下巻では、上巻よりも抽象的な内容になっていきました。そして、これまで自分が生きてきた人生は何だったのかと内省させられました。作品は物語としては完結したものの、その中で示された謎に対する答えは何一つ示されませんでした。しかし、不思議なくらい読み終わった後に、言葉にはできない何かが残る作品でした。
お話としては、中盤はカフカ少年の物語よりも、星野さんと合流してからのナカタさんの旅が面白かったです。ナカタさんたちとカフカ少年がどこかで出会うのかと思ったのですが、進路は一瞬交錯しましたが、結局2人が出会うことはありませんでした。
それぞれがそれぞれに、ただ自分の道を歩いてゆくだけ。そんな割り切りが、とてもこの作品らしいと思いました。
この作品を読んでいる間、登場人物たちの運命と共に、自分の運命についてもいろいろと考えさせられました。

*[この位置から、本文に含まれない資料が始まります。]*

lemma separatrix_solution_escapes:
  assumes a: "a \<noteq> 0" and "R > 0"
    and pos: "\<And>q. \<bar>q\<bar> < R \<Longrightarrow> - (m1 + m2 / 2 * q ^ 2 + b / 3 * q ^ 4) / a > 0"
    and "0 < q0" and "q0 < R / 2"
  shows "\<exists>T y. 0 \<le> T \<and>
      (\<forall>t\<in>{0..T}. (y has_vector_derivative sextic_vf a b m1 m2 (y t)) (at t within {0..T})) \<and>
      y 0 = (q0, separatrix a b m1 m2 q0) \<and> R / 2 \<le> norm (y T)"
proof -
  define P where "P = separatrix a b m1 m2"
  have "continuous_on {q0 / 2..3 * R / 4} (\<lambda>x. a * P x)"
    unfolding P_def separatrix_def[abs_def] using a by (intro continuous_intros) simp_all
  moreover have "a * P x > 0" if "x \<in> {q0 / 2..3 * R / 4}" for x
    using mult_separatrix_pos[OF a pos[of x]] that \<open>0 < q0\<close> \<open>R > 0\<close> by (simp add: P_def)
  ultimately obtain Q T where "0 < T" "Q 0 = q0" "Q T = R / 2"
    and Q: "\<forall>t\<in>{0..T}. Q t \<in> {q0..R / 2} \<and> (Q has_real_derivative a * P (Q t)) (at t)"
    using autonomous_ode_connects[of "q0 / 2" q0 "R / 2" "3 * R / 4" "\<lambda>x. a * P x"] assms(4,5)
    by auto
  define y where "y = (\<lambda>t. (Q t, P (Q t)))"
  have "(y has_vector_derivative sextic_vf a b m1 m2 (y t)) (at t within {0..T})"
    if "t \<in> {0..T}" for t
  proof -
    have "Q t \<in> {q0..R / 2}" and dQ: "(Q has_real_derivative a * P (Q t)) (at t)"
      using Q that by auto
    then have "- (m1 + m2 / 2 * Q t ^ 2 + b / 3 * Q t ^ 4) / a > 0"
      using pos[of "Q t"] \<open>0 < q0\<close> \<open>R > 0\<close> by simp
    with dQ have "(y has_vector_derivative sextic_vf a b m1 m2 (y t)) (at t)"
      unfolding y_def P_def by (intro separatrix_lift_solves[OF a])
    then show ?thesis
      by (rule has_vector_derivative_at_within)
  qed
  moreover have "R / 2 \<le> norm (y T)"
    unfolding y_def \<open>Q T = R / 2\<close> using norm_fst_le[of "R / 2" "P (R / 2)"] \<open>R > 0\<close> by simp
  ultimately show ?thesis
    using \<open>0 < T\<close> \<open>Q 0 = q0\<close> by (intro exI[of _ T] exI[of _ y]) (auto simp: y_def P_def)
qed

lemma sextic_vf_escaping_solutions:
  assumes "a * m1 < 0"
  shows "\<exists>R>0. \<forall>\<delta>>0. \<exists>T y. 0 \<le> T \<and>
      (\<forall>t\<in>{0..T}. (y has_vector_derivative sextic_vf a b m1 m2 (y t)) (at t within {0..T})) \<and>
      norm (y 0) < \<delta> \<and> R \<le> norm (y T)"
proof -
  have a: "a \<noteq> 0"
    using assms by auto
  obtain R where "R > 0" and pos: "\<forall>q. \<bar>q\<bar> < R \<longrightarrow> - (m1 + m2 / 2 * q ^ 2 + b / 3 * q ^ 4) / a > 0"
    using separatrix_radicand_pos_near_zero[OF assms] by blast
  show ?thesis
  proof (rule exI[of _ "R / 2"], intro conjI allI impI)
    show "R / 2 > 0"
      using \<open>R > 0\<close> by simp
    fix \<delta> :: real
    assume "\<delta> > 0"
    have "isCont (\<lambda>q. (q, separatrix a b m1 m2 q)) 0"
      unfolding separatrix_def[abs_def] using a by (intro continuous_intros) simp_all
    then obtain d where "d > 0"
      and d: "\<And>q. dist q 0 < d \<Longrightarrow> dist (q, separatrix a b m1 m2 q) (0, separatrix a b m1 m2 0) < \<delta>"
      using \<open>\<delta> > 0\<close> unfolding continuous_at_eps_delta by blast
    define q0 where "q0 = min d R / 4"
    have q0: "0 < q0" "q0 < d" "q0 < R / 2"
      using \<open>d > 0\<close> \<open>R > 0\<close> by (auto simp: q0_def)
    then have "norm (q0, separatrix a b m1 m2 q0) < \<delta>"
      using d[of q0] by (simp add: dist_norm separatrix_def)
    then show "\<exists>T y. 0 \<le> T \<and>
        (\<forall>t\<in>{0..T}. (y has_vector_derivative sextic_vf a b m1 m2 (y t)) (at t within {0..T})) \<and>
        norm (y 0) < \<delta> \<and> R / 2 \<le> norm (y T)"
      using separatrix_solution_escapes[OF a \<open>R > 0\<close> _ q0(1,3)] pos by fastforce
  qed
qed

学生から社会人になり、必死に仕事をして何ものかを見つけ出そうとしてきましたが、自分の努力とは反対に、私自身の中には何も残らなかったのではないかと思いました。
現在、心の病を抱え、社会から一歩離れた場所にいて、自分には何もないことを痛感させられます。いくらかの貯金と経験は残りましたが、結局私自身の中には何も満たされていないのではないか!?、そんな不安があります。
こんな私が、この作品に出会えたのは幸運なことだったと思います。この作品に出会わなければ、私は自分自身が空っぽだったことに気がつくことさえなかったかもしれませんので。